Department of Cardiology, Princess Alexandra Hospital, Brisbane, Qld, Australia; The University of Queensland, Faculty of Medicine, Brisbane, Qld, Australia.
Department of Cardiology, Princess Alexandra Hospital, Brisbane, Qld, Australia.
Heart Lung Circ. 2019 Jul;28(7):1027-1033. doi: 10.1016/j.hlc.2018.05.196. Epub 2018 Jun 27.

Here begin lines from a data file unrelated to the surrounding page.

lemma gsphere_graph_automorphism:
  assumes f: "graph_automorphism V E f" and x: "x \<in> V"
  shows "f ` gsphere V E x l = gsphere V E (f x) l"
proof -
  have "f ` gsphere V E x l = f ` {u \<in> V. gdist V E (f u) (f x) = l}"
    unfolding gsphere_def using gdist_graph_automorphism[OF f _ x] by auto
  also have "\<dots> = {w \<in> f ` V. gdist V E w (f x) = l}"
    by blast
  also have "f ` V = V"
    using f unfolding graph_automorphism_def bij_betw_def by simp
  finally show ?thesis unfolding gsphere_def .
qed

lemma card_gsphere_vertex_transitive:
  assumes "vertex_transitive V E" "x \<in> V" "y \<in> V"
  shows "card (gsphere V E x l) = card (gsphere V E y l)"
proof -
  obtain f where f: "graph_automorphism V E f" "f x = y"
    using assms unfolding vertex_transitive_def by blast
  have "inj_on f (gsphere V E x l)"
    using f(1) unfolding graph_automorphism_def bij_betw_def gsphere_def
    by (auto intro: inj_on_subset)
  then have "card (f ` gsphere V E x l) = card (gsphere V E x l)"
    by (rule card_image)
  then show ?thesis
    unfolding gsphere_graph_automorphism[OF f(1) \<open>x \<in> V\<close>] f(2) by simp
qed

lemma card_vertices_eq_sum_card_gsphere:
  assumes "finite V" "x \<in> V"
  shows "card V = (\<Sum>l\<in>{0..diam V E}. card (gsphere V E x l))"
proof -
  have "V = (\<Union>l\<in>{0..diam V E}. gsphere V E x l)"
    using gdist_le_diam[OF assms(1) _ assms(2)] unfolding gsphere_def by auto
  moreover have "card (\<Union>l\<in>{0..diam V E}. gsphere V E x l)
      = (\<Sum>l\<in>{0..diam V E}. card (gsphere V E x l))"
    by (rule card_UN_disjoint) (auto simp: finite_gsphere[OF assms(1)], auto simp: gsphere_def)
  ultimately show ?thesis by simp
qed

lemma gsphere_empty_beyond_diam:
  assumes "finite V" "x \<in> V" "diam V E < l"
  shows "gsphere V E x l = {}"
  using gdist_le_diam[OF assms(1) _ assms(2), where E = E] assms(3) unfolding gsphere_def by fastforce

lemma gsphere_nonempty:
  assumes "finite V" "V \<noteq> {}" "connected_graph V E" "vertex_transitive V E" "x \<in> V"
    and "l \<le> diam V E"
  shows "gsphere V E x l \<noteq> {}"
proof -
  obtain a b where ab: "a \<in> V" "b \<in> V" "gdist V E a b = diam V E"
    using diam_attained assms(1,2) by blast
  obtain w where aw: "walk V E a w (diam V E - l)" and wb: "walk V E w b l"
    using walk_split[OF walk_gdist[OF assms(3) ab(1,2)], of "diam V E - l"] ab(3) assms(6)
    by auto
  have w: "w \<in> V" using walk_in_vertices[OF wb] by simp
  \<comment> \<open>A shortcut from \<open>w\<close> to \<open>b\<close> would give a walk from \<open>a\<close> to \<open>b\<close> shorter than the diameter.\<close>
  have "diam V E \<le> diam V E - l + gdist V E w b"
    using gdist_le_walk[OF walk_append[OF aw walk_gdist[OF assms(3) w ab(2)]]] ab(3) by simp
  then have "gdist V E w b = l" using gdist_le_walk[OF wb] assms(6) by linarith
  then have "gsphere V E b l \<noteq> {}" using w unfolding gsphere_def by blast
  then show ?thesis
    using card_gsphere_vertex_transitive[OF assms(4,5) ab(2)] finite_gsphere[OF assms(1)]
    by (metis card_0_eq)
qed

lemma card_vertices_le_sum_card_gsphere_labels:
  assumes "finite V" "vertex_transitive V E" "is_eids V E S lab" "x \<in> V"
  shows "card V \<le> (\<Sum>l\<in>lab ` S. card (gsphere V E x l))"
proof -
  have S: "S \<subseteq> V" "finite S" and inj: "inj_on lab S"
    using assms(1,3) finite_subset unfolding is_eids_def by auto
  have "V \<subseteq> (\<Union>v\<in>S. gsphere V E v (lab v))"
    using assms(3) unfolding is_eids_def gsphere_def dominates_def by auto
  then have "card V \<le> card (\<Union>v\<in>S. gsphere V E v (lab v))"
    using S finite_gsphere[OF assms(1)] by (intro card_mono) auto
  also have "\<dots> \<le> (\<Sum>v\<in>S. card (gsphere V E v (lab v)))"
    by (rule card_UN_le[OF S(2)])
  also have "\<dots> = (\<Sum>v\<in>S. card (gsphere V E x (lab v)))"
    using card_gsphere_vertex_transitive[OF assms(2) _ assms(4)] S(1) by (intro sum.cong) auto
  also have "\<dots> = (\<Sum>l\<in>lab ` S. card (gsphere V E x l))"
    by (simp add: sum.reindex[OF inj])
  finally show ?thesis .
qed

Chronic right ventricular pacing may contribute to deterioration in left ventricular ejection fraction (LVEF). The aim of the study was to identify the prevalence of pacing-induced cardiomyopathy (PICM) in patients with chronic right ventricular pacing.
Patients attending a pacemaker clinic were retrospectively identified as having had transthoracic echocardiographic LVEF measurement during the 12 months prior to device implantation. Those with cardioverter-defibrillators or biventricular devices were excluded. The remaining patients were invited back for a repeat echocardiogram. Three (3) different definitions of PICM were employed: 1) follow-up LVEF of ≤40% if baseline LVEF was ≥50%, or an absolute reduction in LVEF ≥5% if baseline LVEF was <50%; 2) follow-up LVEF of ≤40% if baseline LVEF was ≥50%, or an absolute reduction in LVEF ≥10% if baseline LVEF was ≤50%; 3) absolute reduction in LVEF ≥10% irrespective of baseline LVEF. Alternate causes of cardiomyopathy were excluded following a chart review.
The study cohort of 118 included 67 males (mean age 77.8±10.5years) and 51 females (mean age 76.8±11.2years). The mean time between baseline and follow-up echocardiograms was 3.5+1.4years (range 1.5-6.4 years). The prevalence of PICM ranged from 5.9 to 39.0% depending on PICM definition. Multivariate analysis found that PICM was significantly associated with ventricular pacing burden (p=0.013).
The prevalence of pacing induced cardiomyopathy is dependent on current accepted clinical definitions. A clear definition of PICM is required for a better understanding of the clinical implications of right ventricular pacing.
慢性右心室起搏可能导致左心室射血分数(LVEF)下降。本研究旨在确定慢性右心室起搏患者起搏诱导性心肌病(PICM)的患病率。
回顾性地确定在装置植入前 12 个月内接受经胸超声心动图 LVEF 测量的起搏器诊所就诊的患者。排除具有除颤器或双心室装置的患者。其余患者被邀请回来进行重复超声心动图检查。采用三种(3)种不同的 PICM 定义:1)如果基线 LVEF≥50%,则随访 LVEF≤40%,或基线 LVEF<50%,则 LVEF 绝对降低≥5%;2)如果基线 LVEF≥50%,则随访 LVEF≤40%,或基线 LVEF≤50%,则 LVEF 绝对降低≥10%;3)无论基线 LVEF 如何,LVEF 的绝对降低≥10%。通过图表审查排除了心肌病的其他可能原因。
研究队列包括 118 例患者,其中 67 例男性(平均年龄 77.8±10.5 岁)和 51 例女性(平均年龄 76.8±11.2 岁)。基线和随访超声心动图之间的平均时间为 3.5+1.4 年(范围 1.5-6.4 年)。根据 PICM 定义,PICM 的患病率从 5.9%到 39.0%不等。多变量分析发现,PICM 与心室起搏负担显著相关(p=0.013)。
起搏诱导性心肌病的患病率取决于当前公认的临床定义。需要明确的 PICM 定义,以便更好地了解右心室起搏的临床意义。